lemma card_distinct_columns_le_prod:
  assumes A: "A \<in> carrier_mat m n"
    and entries: "\<And>i j. i < m \<Longrightarrow> j < n \<Longrightarrow> A $$ (i, j) \<in> X i"
    and fin: "\<And>i. i < m \<Longrightarrow> finite (X i)"
    and distinct: "\<forall>j<n. \<forall>j'<n. j \<noteq> j' \<longrightarrow> col A j \<noteq> col A j'"
  shows "n \<le> (\<Prod>i<m. card (X i))"
proof -
  define f where "f j = restrict (\<lambda>i. A $$ (i, j)) {..<m}" for j
  have "inj_on f {..<n}"
  proof (rule inj_onI)
    fix j j'
    assume "j \<in> {..<n}" "j' \<in> {..<n}" "f j = f j'"
    have "A $$ (i, j) = A $$ (i, j')" if "i < m" for i
      using fun_cong[OF \<open>f j = f j'\<close>, of i] that by (simp add: f_def)
    then have "col A j = col A j'"
      using A \<open>j \<in> {..<n}\<close> \<open>j' \<in> {..<n}\<close> by (intro eq_vecI) auto
    then show "j = j'"
      using distinct \<open>j \<in> {..<n}\<close> \<open>j' \<in> {..<n}\<close> by blast
  qed
  moreover have "f j \<in> PiE {..<m} X" if "j < n" for j
    unfolding f_def restrict_PiE_iff using entries that by blast
  then have "f ` {..<n} \<subseteq> PiE {..<m} X"
    by blast
  ultimately have "card {..<n} \<le> card (PiE {..<m} X)"
    using fin by (intro card_inj_on_le) (auto intro: finite_PiE)
  then show ?thesis
    by (simp add: card_PiE)
qed

lemma card_columns_le_prod_shift:
  assumes A: "A \<in> carrier_mat m n" "\<forall>i<m. \<forall>j<n. A $$ (i, j) \<in> {-1, 0, 1}"
    "\<forall>j<n. \<forall>j'<n. j \<noteq> j' \<longrightarrow> col A j \<noteq> col A j'"
    and T: "totally_1_submodular (shift_mat t A)"
  shows "n \<le> (\<Prod>i<m. if 0 < t $ i then 2 else 3)"
proof -
  define X where "X i = (if 0 < t $ i then {-1, 0} else {-1, 0, 1 :: int})" for i
  have "A $$ (i, j) \<in> X i" if "i < m" "j < n" for i j
  proof -
    have "A $$ (i, j) \<in> {-1, 0, 1}"
      using A(2) that by blast
    then show ?thesis
      using A(1) shifted_entry_nonpos[OF T, of i j] that by (auto simp: X_def)
  qed
  then have "n \<le> (\<Prod>i<m. card (X i))"
    using A by (intro card_distinct_columns_le_prod) (auto simp: X_def)
  also have "\<dots> = (\<Prod>i<m. if 0 < t $ i then 2 else 3)"
    by (intro prod.cong) (simp_all add: X_def)
  finally show ?thesis .
qed

lemma exists_positive_component:
  fixes t :: "real vec"
  assumes "t \<in> carrier_vec m" "\<forall>i<m. 0 \<le> t $ i" "t \<noteq> 0\<^sub>v m"
  shows "\<exists>i<m. 0 < t $ i"
proof (rule ccontr)
  assume "\<not> (\<exists>i<m. 0 < t $ i)"
  then have "t = 0\<^sub>v m"
    using assms(1,2) by (intro eq_vecI) force+
  then show False
    using assms(3) by simp
qed

lemma card_shifted_layer_le:
  fixes t :: "real vec" and A :: "int mat" and a :: int
  assumes A: "A \<in> carrier_mat 3 n" "\<forall>i<3. \<forall>j<n. A $$ (i, j) \<in> {-1, 0, 1}"
    "\<forall>j<n. \<forall>j'<n. j \<noteq> j' \<longrightarrow> col A j \<noteq> col A j'"
    and T: "totally_1_submodular (shift_mat t A)"
    and rows: "distinct [r, i, i']" "{r, i, i'} \<subseteq> {..<3}"
    and t: "t $ i = 0" "t $ i' = 0"
  defines "layer \<equiv> {j. j < n \<and> A $$ (r, j) = a}"
  shows "card layer \<le> 7" and "1/2 \<le> \<bar>t $ r + a\<bar> \<Longrightarrow> card layer \<le> 6"
    and "1/2 < \<bar>t $ r + a\<bar> \<Longrightarrow> card layer \<le> 4"
proof -
  define g where "g j = (A $$ (i, j), A $$ (i', j))" for j
  have "inj_on g layer"
  proof (rule inj_onI)
    fix j k
    assume jk: "j \<in> layer" "k \<in> layer" "g j = g k"
    have "A $$ (l, j) = A $$ (l, k)" if "l < 3" for l
    proof -
      have "l = r \<or> l = i \<or> l = i'"
        using that rows by auto
      then show ?thesis
        using jk by (auto simp: layer_def g_def)
    qed
    then have "col A j = col A k"
      using A(1) jk by (intro eq_vecI) (auto simp: layer_def)
    then show "j = k"
      using A(3) jk by (auto simp: layer_def)
  qed
  moreover have "g ` layer \<subseteq> {-1, 0, 1} \<times> {-1, 0, 1}"
    using A(2) rows by (auto simp: layer_def g_def)
  moreover have "layer \<subseteq> {..<dim_col (shift_mat t A)}"
    using A(1) by (auto simp: layer_def)
  ultimately show "card layer \<le> 7" "1/2 \<le> \<bar>t $ r + a\<bar> \<Longrightarrow> card layer \<le> 6"
    "1/2 < \<bar>t $ r + a\<bar> \<Longrightarrow> card layer \<le> 4"
    using card_layer_le[OF T, of r i i' layer g "t $ r + of_int a"] rows A(1) t
    by (auto simp: layer_def g_def)
qed

lemma card_columns_le_12_if_one_shifted_row:
  fixes t :: "real vec" and A :: "int mat"
  assumes A: "A \<in> carrier_mat 3 n" "\<forall>i<3. \<forall>j<n. A $$ (i, j) \<in> {-1, 0, 1}"
    "\<forall>j<n. \<forall>j'<n. j \<noteq> j' \<longrightarrow> col A j \<noteq> col A j'"
    and T: "totally_1_submodular (shift_mat t A)"
    and rows: "distinct [r, i, i']" "{r, i, i'} \<subseteq> {..<3}"
    and t: "0 < t $ r" "t $ r < 1" "t $ i = 0" "t $ i' = 0"
  shows "n \<le> 12"
proof -
  let ?layer = "\<lambda>a. {j. j < n \<and> A $$ (r, j) = a}"
  have "{..<n} = ?layer 0 \<union> ?layer (-1)"
    using A rows shifted_entry_nonpos[OF T, of r] t(1) by fastforce
  moreover have "?layer 0 \<inter> ?layer (-1) = {}"
    by auto
  ultimately have n: "n = card (?layer 0) + card (?layer (-1))"
    by (metis card_Un_disjoint card_lessThan finite_Un finite_lessThan)
  note layer_bounds = card_shifted_layer_le[OF A T rows t(3,4)]
  consider "t $ r = 1/2" | "1/2 < \<bar>t $ r + of_int 0\<bar>" | "1/2 < \<bar>t $ r + of_int (-1)\<bar>"
    using t(1,2) by fastforce
  then show ?thesis
    using layer_bounds[where a = 0] layer_bounds[where a = "-1"] n by cases fastforce+
qed

lemma shifted_admissible_2_le_6:
  assumes "shifted_admissible 2 n"
  shows "n \<le> 6"
proof -
  obtain t A where t: "t \<in> carrier_vec 2" "\<forall>i<2. 0 \<le> t $ i \<and> t $ i < 1" "t \<noteq> 0\<^sub>v 2"
    and A: "A \<in> carrier_mat 2 n" "\<forall>i<2. \<forall>j<n. A $$ (i, j) \<in> {-1, 0, 1}"
      "\<forall>j<n. \<forall>j'<n. j \<noteq> j' \<longrightarrow> col A j \<noteq> col A j'"
    and T: "totally_1_submodular (shift_mat t A)"
    using assms unfolding shifted_admissible_def by blast
  have "\<exists>i<2. 0 < t $ i"
    using exists_positive_component t by auto
  then have "(\<Prod>i<2. if 0 < t $ i then 2 else 3 :: nat) \<le> 6"
    by (auto simp: numeral_2_eq_2 less_Suc_eq)
  then show ?thesis
    using card_columns_le_prod_shift[OF A T] by simp
qed

lemma shifted_admissible_3_le_12:
  assumes "shifted_admissible 3 n"
  shows "n \<le> 12"
proof -
  obtain t A where t: "t \<in> carrier_vec 3" "\<forall>i<3. 0 \<le> t $ i \<and> t $ i < 1" "t \<noteq> 0\<^sub>v 3"
    and A: "A \<in> carrier_mat 3 n" "\<forall>i<3. \<forall>j<n. A $$ (i, j) \<in> {-1, 0, 1}"
      "\<forall>j<n. \<forall>j'<n. j \<noteq> j' \<longrightarrow> col A j \<noteq> col A j'"
    and T: "totally_1_submodular (shift_mat t A)"
    using assms unfolding shifted_admissible_def by blast
  have "\<exists>r<3. 0 < t $ r"
    using exists_positive_component t by auto
  then obtain r where r: "r < 3" "0 < t $ r"
    by blast
  show ?thesis
  proof (cases "\<exists>k<3. k \<noteq> r \<and> 0 < t $ k")
    case True
    then have "(\<Prod>i<3. if 0 < t $ i then 2 else 3 :: nat) \<le> 12"
      using r by (auto simp: numeral_3_eq_3 less_Suc_eq)
    then show ?thesis
      using card_columns_le_prod_shift[OF A T] by simp
  next
    case False
    then have zero: "t $ k = 0" if "k < 3" "k \<noteq> r" for k
      using t(2) that by force
    obtain i i' where rows: "distinct [r, i, i']" "{r, i, i'} \<subseteq> {..<3}"
    proof -
      have "r = 0 \<or> r = 1 \<or> r = 2"
        using r(1) by auto
      then show ?thesis
        using that[of 1 2] that[of 0 2] that[of 0 1] by auto
    qed
    then show ?thesis
      using card_columns_le_12_if_one_shifted_row[OF A T rows r(2)] r t(2) zero by simp
  qed
qed

section \<open>Extremal matrices\<close>

lemma totally_1_submodular_3_rowsI:
  assumes rows: "dim_row M \<le> 3"
    and minors1: "\<And>i j. i < dim_row M \<Longrightarrow> j < dim_col M \<Longrightarrow> \<bar>M $$ (i, j)\<bar> \<le> 1"
    and minors2: "\<And>i1 i2 j1 j2. i1 < i2 \<Longrightarrow> i2 < dim_row M \<Longrightarrow> j1 < j2 \<Longrightarrow> j2 < dim_col M \<Longrightarrow>
      \<bar>minor M [i1, i2] [j1, j2]\<bar> \<le> 1"
    and minors3: "\<And>i1 i2 i3 j1 j2 j3. i1 < i2 \<Longrightarrow> i2 < i3 \<Longrightarrow> i3 < dim_row M \<Longrightarrow>
      j1 < j2 \<Longrightarrow> j2 < j3 \<Longrightarrow> j3 < dim_col M \<Longrightarrow> \<bar>minor M [i1, i2, i3] [j1, j2, j3]\<bar> \<le> 1"
  shows "totally_1_submodular M"
  unfolding totally_1_submodular_iff_minors
proof (intro allI impI)
  fix rs cs :: "nat list"
  assume rs: "sorted_wrt (<) rs" "set rs \<subseteq> {..<dim_row M}"
    and cs: "sorted_wrt (<) cs" "set cs \<subseteq> {..<dim_col M}"
    and len: "length rs = length cs"
  have "length rs \<le> 3"
    using card_mono[OF finite_lessThan rs(2)] rows rs(1) by (simp add: strict_sorted_iff distinct_card)
  then consider "length rs = 0" | "length rs = 1" | "length rs = 2" | "length rs = 3"
    by linarith
  then show "\<bar>minor M rs cs\<bar> \<le> 1"
  proof cases
    case 1
    then show ?thesis
      using len by (simp add: minor_def)
  next
    case 2
    then obtain i j where "rs = [i]" "cs = [j]"
      using len by (auto simp: length_Suc_conv)
    then show ?thesis
      using rs cs minors1 by (simp add: minor_1)
  next
    case 3
    then obtain i1 i2 j1 j2 where "rs = [i1, i2]" "cs = [j1, j2]"
      using len by (auto simp: length_Suc_conv numeral_2_eq_2)
    then show ?thesis
      using rs cs minors2 by simp
  next
    case 4
    then obtain i1 i2 i3 j1 j2 j3 where "rs = [i1, i2, i3]" "cs = [j1, j2, j3]"
      using len by (auto simp: length_Suc_conv numeral_3_eq_3)
    then show ?thesis
      using rs cs minors3 by simp
  qed
qed

text \<open>The bounds \<open>2\<close>, \<open>4\<close>, \<open>8\<close> on the \<open>k \<times> k\<close> minors of \<open>H\<close> make those of \<open>H / 2\<close> at most \<open>1\<close>;
  the determinants are written out so that the condition can be evaluated for a concrete \<open>H\<close>.\<close>
definition minors_le_pow2 :: "nat \<Rightarrow> nat \<Rightarrow> (nat \<Rightarrow> nat \<Rightarrow> int) \<Rightarrow> bool" where
  "minors_le_pow2 m n H \<longleftrightarrow>
     (\<forall>i<m. \<forall>j<n. \<bar>H i j\<bar> \<le> 2) \<and>
     (\<forall>i2<m. \<forall>i1<i2. \<forall>j2<n. \<forall>j1<j2. \<bar>H i1 j1 * H i2 j2 - H i1 j2 * H i2 j1\<bar> \<le> 4) \<and>
     (\<forall>i3<m. \<forall>i2<i3. \<forall>i1<i2. \<forall>j3<n. \<forall>j2<j3. \<forall>j1<j2.
        \<bar>H i1 j1 * (H i2 j2 * H i3 j3 - H i2 j3 * H i3 j2)
         - H i2 j1 * (H i1 j2 * H i3 j3 - H i1 j3 * H i3 j2)
         + H i3 j1 * (H i1 j2 * H i2 j3 - H i1 j3 * H i2 j2)\<bar> \<le> 8)"

lemma totally_1_submodular_half_integral:
  assumes dims: "dim_row M = m" "dim_col M = n" "m \<le> 3"
    and entries: "\<And>i j. i < m \<Longrightarrow> j < n \<Longrightarrow> M $$ (i, j) = of_int (H i j) / 2"
    and bounds: "minors_le_pow2 m n H"
  shows "totally_1_submodular M"
proof (rule totally_1_submodular_3_rowsI)
  note bound1 = bounds[unfolded minors_le_pow2_def, THEN conjunct1, rule_format]
    and bound2 = bounds[unfolded minors_le_pow2_def, THEN conjunct2, THEN conjunct1, rule_format]
    and bound3 = bounds[unfolded minors_le_pow2_def, THEN conjunct2, THEN conjunct2, rule_format]
  show "dim_row M \<le> 3"
    using dims by simp
  show "\<bar>M $$ (i, j)\<bar> \<le> 1" if "i < dim_row M" "j < dim_col M" for i j
  proof -
    have "\<bar>H i j\<bar> \<le> 2"
      using bound1 that dims by simp
    then show ?thesis
      using that dims by (simp add: entries abs_divide flip: of_int_abs)
  qed
  show "\<bar>minor M [i1, i2] [j1, j2]\<bar> \<le> 1"
    if "i1 < i2" "i2 < dim_row M" "j1 < j2" "j2 < dim_col M" for i1 i2 j1 j2
  proof -
    define E where "E = H i1 j1 * H i2 j2 - H i1 j2 * H i2 j1"
    have "minor M [i1, i2] [j1, j2] = of_int E / 4"
      unfolding E_def using that dims by (simp add: minor_2 entries field_simps)
    moreover have "\<bar>E\<bar> \<le> 4"
      unfolding E_def by (rule bound2) (use that dims in auto)
    ultimately show ?thesis
      by (simp add: abs_divide flip: of_int_abs)
  qed
  show "\<bar>minor M [i1, i2, i3] [j1, j2, j3]\<bar> \<le> 1"
    if "i1 < i2" "i2 < i3" "i3 < dim_row M" "j1 < j2" "j2 < j3" "j3 < dim_col M" for i1 i2 i3 j1 j2 j3
  proof -
    define E where "E = H i1 j1 * (H i2 j2 * H i3 j3 - H i2 j3 * H i3 j2)
      - H i2 j1 * (H i1 j2 * H i3 j3 - H i1 j3 * H i3 j2)
      + H i3 j1 * (H i1 j2 * H i2 j3 - H i1 j3 * H i2 j2)"
    have "minor M [i1, i2, i3] [j1, j2, j3] = of_int E / 8"
      unfolding E_def using that dims by (simp add: minor_3 entries field_simps)
    moreover have "\<bar>E\<bar> \<le> 8"
      unfolding E_def by (rule bound3) (use that dims in auto)
    ultimately show ?thesis
      by (simp add: abs_divide flip: of_int_abs)
  qed
qed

> [WHAT TO WORK ON]:
Of the lines above, retype only those from the line containing "the determinants are" through the line containing "(\<forall>i3<m. \<forall>i2<i3. \<forall>i1<i2.", including both, exactly.

> [TASK RESPONSE]:
  the determinants are written out so that the condition can be evaluated for a concrete \<open>H\<close>.\<close>
definition minors_le_pow2 :: "nat \<Rightarrow> nat \<Rightarrow> (nat \<Rightarrow> nat \<Rightarrow> int) \<Rightarrow> bool" where
  "minors_le_pow2 m n H \<longleftrightarrow>
     (\<forall>i<m. \<forall>j<n. \<bar>H i j\<bar> \<le> 2) \<and>
     (\<forall>i2<m. \<forall>i1<i2. \<forall>j2<n. \<forall>j1<j2. \<bar>H i1 j1 * H i2 j2 - H i1 j2 * H i2 j1\<bar> \<le> 4) \<and>
     (\<forall>i3<m. \<forall>i2<i3. \<forall>i1<i2. \<forall>j3<n. \<forall>j2<j3. \<forall>j1<j2.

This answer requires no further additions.